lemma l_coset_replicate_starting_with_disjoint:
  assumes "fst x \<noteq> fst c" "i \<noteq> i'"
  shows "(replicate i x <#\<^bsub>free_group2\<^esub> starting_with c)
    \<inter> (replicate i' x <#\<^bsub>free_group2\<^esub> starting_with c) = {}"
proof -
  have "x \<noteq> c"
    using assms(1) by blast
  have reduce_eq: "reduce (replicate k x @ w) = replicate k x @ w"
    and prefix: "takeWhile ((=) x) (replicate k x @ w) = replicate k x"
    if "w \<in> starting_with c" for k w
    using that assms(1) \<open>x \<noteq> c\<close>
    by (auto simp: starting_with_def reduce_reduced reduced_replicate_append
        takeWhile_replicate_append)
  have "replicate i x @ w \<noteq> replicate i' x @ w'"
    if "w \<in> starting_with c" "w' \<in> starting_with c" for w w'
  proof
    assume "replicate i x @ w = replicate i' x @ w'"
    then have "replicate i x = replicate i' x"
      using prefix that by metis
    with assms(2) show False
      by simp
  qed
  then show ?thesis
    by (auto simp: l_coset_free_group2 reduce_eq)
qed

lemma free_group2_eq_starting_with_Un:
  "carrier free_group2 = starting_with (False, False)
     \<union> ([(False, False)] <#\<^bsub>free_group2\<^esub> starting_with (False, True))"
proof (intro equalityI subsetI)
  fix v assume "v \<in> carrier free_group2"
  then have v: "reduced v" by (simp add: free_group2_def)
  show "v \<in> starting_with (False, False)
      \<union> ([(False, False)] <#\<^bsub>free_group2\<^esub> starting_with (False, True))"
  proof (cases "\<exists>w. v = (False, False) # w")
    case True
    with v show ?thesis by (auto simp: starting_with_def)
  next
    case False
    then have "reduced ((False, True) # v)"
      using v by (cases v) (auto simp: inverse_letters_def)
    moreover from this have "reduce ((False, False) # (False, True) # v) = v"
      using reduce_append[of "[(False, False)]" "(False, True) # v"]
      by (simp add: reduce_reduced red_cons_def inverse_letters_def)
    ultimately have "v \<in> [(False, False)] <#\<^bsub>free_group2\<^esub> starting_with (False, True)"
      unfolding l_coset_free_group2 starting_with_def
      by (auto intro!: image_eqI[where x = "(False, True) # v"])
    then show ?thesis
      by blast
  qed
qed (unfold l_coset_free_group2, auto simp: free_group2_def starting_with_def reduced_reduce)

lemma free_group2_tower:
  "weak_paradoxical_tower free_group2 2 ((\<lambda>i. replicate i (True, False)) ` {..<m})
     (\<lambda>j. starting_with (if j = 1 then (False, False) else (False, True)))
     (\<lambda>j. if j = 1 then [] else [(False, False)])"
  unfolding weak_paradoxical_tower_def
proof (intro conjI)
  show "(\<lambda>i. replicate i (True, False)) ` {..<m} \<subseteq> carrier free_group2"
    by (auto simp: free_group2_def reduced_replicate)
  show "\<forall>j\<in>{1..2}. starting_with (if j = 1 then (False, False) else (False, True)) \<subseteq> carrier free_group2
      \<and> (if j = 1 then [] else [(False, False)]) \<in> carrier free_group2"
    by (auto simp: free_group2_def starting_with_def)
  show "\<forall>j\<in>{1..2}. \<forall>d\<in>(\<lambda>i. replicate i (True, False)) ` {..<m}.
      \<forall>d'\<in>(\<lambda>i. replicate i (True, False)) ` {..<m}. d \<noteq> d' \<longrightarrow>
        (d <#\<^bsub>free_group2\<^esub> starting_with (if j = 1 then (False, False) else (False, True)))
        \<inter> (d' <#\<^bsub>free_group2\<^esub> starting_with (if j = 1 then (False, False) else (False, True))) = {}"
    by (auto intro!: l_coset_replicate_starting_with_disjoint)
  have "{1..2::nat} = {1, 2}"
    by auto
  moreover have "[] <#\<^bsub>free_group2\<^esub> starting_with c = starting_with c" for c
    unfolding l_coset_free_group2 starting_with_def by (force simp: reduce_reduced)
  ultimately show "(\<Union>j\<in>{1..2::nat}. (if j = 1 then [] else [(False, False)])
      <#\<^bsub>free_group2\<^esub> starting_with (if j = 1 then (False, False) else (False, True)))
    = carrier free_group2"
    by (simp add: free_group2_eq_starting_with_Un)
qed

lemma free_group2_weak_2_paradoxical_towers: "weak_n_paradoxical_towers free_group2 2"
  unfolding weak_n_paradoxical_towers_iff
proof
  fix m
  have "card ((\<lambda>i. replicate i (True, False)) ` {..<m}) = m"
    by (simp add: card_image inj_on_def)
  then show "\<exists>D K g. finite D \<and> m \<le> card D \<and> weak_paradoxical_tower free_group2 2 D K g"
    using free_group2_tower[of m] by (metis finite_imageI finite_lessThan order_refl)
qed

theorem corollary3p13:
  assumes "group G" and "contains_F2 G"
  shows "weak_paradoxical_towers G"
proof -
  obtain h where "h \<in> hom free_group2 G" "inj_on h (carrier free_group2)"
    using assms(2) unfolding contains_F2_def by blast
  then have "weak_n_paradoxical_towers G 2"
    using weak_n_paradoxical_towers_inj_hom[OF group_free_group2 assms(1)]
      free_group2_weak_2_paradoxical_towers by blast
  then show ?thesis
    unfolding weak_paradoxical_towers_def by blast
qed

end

→ Task to carry out:
Only the number is wanted: how many lines in the material above contain the string "cases"?

→ Response for this exercise:
2